*** Data for the task ***

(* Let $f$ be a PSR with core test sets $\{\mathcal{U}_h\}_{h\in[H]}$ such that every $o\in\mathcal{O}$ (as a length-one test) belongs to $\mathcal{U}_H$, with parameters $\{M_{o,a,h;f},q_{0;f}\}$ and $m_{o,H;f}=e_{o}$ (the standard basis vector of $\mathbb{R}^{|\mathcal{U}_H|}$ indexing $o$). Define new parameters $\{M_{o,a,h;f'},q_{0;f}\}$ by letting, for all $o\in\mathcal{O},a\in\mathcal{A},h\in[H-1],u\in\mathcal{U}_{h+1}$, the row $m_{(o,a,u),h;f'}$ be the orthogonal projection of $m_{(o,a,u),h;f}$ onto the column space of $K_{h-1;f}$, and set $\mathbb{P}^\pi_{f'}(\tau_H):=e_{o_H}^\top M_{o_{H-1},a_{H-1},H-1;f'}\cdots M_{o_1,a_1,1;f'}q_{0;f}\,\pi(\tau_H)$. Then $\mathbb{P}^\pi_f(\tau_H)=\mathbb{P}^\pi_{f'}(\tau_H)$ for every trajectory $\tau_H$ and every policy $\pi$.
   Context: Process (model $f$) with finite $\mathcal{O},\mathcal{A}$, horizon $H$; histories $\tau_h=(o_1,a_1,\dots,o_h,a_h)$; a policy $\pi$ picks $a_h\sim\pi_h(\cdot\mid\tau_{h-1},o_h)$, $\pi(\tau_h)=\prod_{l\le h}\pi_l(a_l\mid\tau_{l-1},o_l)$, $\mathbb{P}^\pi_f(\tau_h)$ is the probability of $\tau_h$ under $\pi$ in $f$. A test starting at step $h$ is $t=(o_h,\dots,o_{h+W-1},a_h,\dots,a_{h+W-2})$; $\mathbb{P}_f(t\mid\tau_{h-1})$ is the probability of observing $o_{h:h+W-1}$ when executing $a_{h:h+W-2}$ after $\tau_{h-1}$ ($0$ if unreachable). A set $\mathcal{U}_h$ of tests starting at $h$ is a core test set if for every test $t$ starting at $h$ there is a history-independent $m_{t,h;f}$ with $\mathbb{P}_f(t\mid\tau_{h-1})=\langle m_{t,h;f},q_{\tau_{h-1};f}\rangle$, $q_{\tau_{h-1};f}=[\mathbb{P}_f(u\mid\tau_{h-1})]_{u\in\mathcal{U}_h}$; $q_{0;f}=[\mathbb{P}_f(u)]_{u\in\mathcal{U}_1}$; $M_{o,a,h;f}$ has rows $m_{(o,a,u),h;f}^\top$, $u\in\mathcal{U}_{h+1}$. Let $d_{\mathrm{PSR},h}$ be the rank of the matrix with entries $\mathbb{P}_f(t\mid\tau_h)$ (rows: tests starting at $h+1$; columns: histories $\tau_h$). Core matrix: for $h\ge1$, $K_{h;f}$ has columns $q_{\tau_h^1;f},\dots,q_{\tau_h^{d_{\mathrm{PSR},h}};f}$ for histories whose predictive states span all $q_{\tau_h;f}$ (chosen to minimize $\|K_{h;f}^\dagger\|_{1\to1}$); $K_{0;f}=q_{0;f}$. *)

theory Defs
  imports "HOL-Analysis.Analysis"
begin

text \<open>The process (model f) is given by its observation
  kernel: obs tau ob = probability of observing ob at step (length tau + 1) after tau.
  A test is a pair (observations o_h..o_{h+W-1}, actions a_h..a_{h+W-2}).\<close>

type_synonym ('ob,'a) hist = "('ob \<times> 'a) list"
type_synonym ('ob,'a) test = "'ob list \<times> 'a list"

***

Give back each record, exactly as it reads.

(* Let $f$ be a PSR with core test sets $\{\mathcal{U}_h\}_{h\in[H]}$ such that every $o\in\mathcal{O}$ (as a length-one test) belongs to $\mathcal{U}_H$, with parameters $\{M_{o,a,h;f},q_{0;f}\}$ and $m_{o,H;f}=e_{o}$ (the standard basis vector of $\mathbb{R}^{|\mathcal{U}_H|}$ indexing $o$). Define new parameters $\{M_{o,a,h;f'},q_{0;f}\}$ by letting, for all $o\in\mathcal{O},a\in\mathcal{A},h\in[H-1],u\in\mathcal{U}_{h+1}$, the row $m_{(o,a,u),h;f'}$ be the orthogonal projection of $m_{(o,a,u),h;f}$ onto the column space of $K_{h-1;f}$, and set $\mathbb{P}^\pi_{f'}(\tau_H):=e_{o_H}^\top M_{o_{H-1},a_{H-1},H-1;f'}\cdots M_{o_1,a_1,1;f'}q_{0;f}\,\pi(\tau_H)$. Then $\mathbb{P}^\pi_f(\tau_H)=\mathbb{P}^\pi_{f'}(\tau_H)$ for every trajectory $\tau_H$ and every policy $\pi$.
   Context: Process (model $f$) with finite $\mathcal{O},\mathcal{A}$, horizon $H$; histories $\tau_h=(o_1,a_1,\dots,o_h,a_h)$; a policy $\pi$ picks $a_h\sim\pi_h(\cdot\mid\tau_{h-1},o_h)$, $\pi(\tau_h)=\prod_{l\le h}\pi_l(a_l\mid\tau_{l-1},o_l)$, $\mathbb{P}^\pi_f(\tau_h)$ is the probability of $\tau_h$ under $\pi$ in $f$. A test starting at step $h$ is $t=(o_h,\dots,o_{h+W-1},a_h,\dots,a_{h+W-2})$; $\mathbb{P}_f(t\mid\tau_{h-1})$ is the probability of observing $o_{h:h+W-1}$ when executing $a_{h:h+W-2}$ after $\tau_{h-1}$ ($0$ if unreachable). A set $\mathcal{U}_h$ of tests starting at $h$ is a core test set if for every test $t$ starting at $h$ there is a history-independent $m_{t,h;f}$ with $\mathbb{P}_f(t\mid\tau_{h-1})=\langle m_{t,h;f},q_{\tau_{h-1};f}\rangle$, $q_{\tau_{h-1};f}=[\mathbb{P}_f(u\mid\tau_{h-1})]_{u\in\mathcal{U}_h}$; $q_{0;f}=[\mathbb{P}_f(u)]_{u\in\mathcal{U}_1}$; $M_{o,a,h;f}$ has rows $m_{(o,a,u),h;f}^\top$, $u\in\mathcal{U}_{h+1}$. Let $d_{\mathrm{PSR},h}$ be the rank of the matrix with entries $\mathbb{P}_f(t\mid\tau_h)$ (rows: tests starting at $h+1$; columns: histories $\tau_h$). Core matrix: for $h\ge1$, $K_{h;f}$ has columns $q_{\tau_h^1;f},\dots,q_{\tau_h^{d_{\mathrm{PSR},h}};f}$ for histories whose predictive states span all $q_{\tau_h;f}$ (chosen to minimize $\|K_{h;f}^\dagger\|_{1\to1}$); $K_{0;f}=q_{0;f}$. *)

theory Defs
  imports "HOL-Analysis.Analysis"
begin

text \<open>The process (model f) is given by its observation
  kernel: obs tau ob = probability of observing ob at step (length tau + 1) after tau.
  A test is a pair (observations o_h..o_{h+W-1}, actions a_h..a_{h+W-2}).\<close>

type_synonym ('ob,'a) hist = "('ob \<times> 'a) list"
type_synonym ('ob,'a) test = "'ob list \<times> 'a list"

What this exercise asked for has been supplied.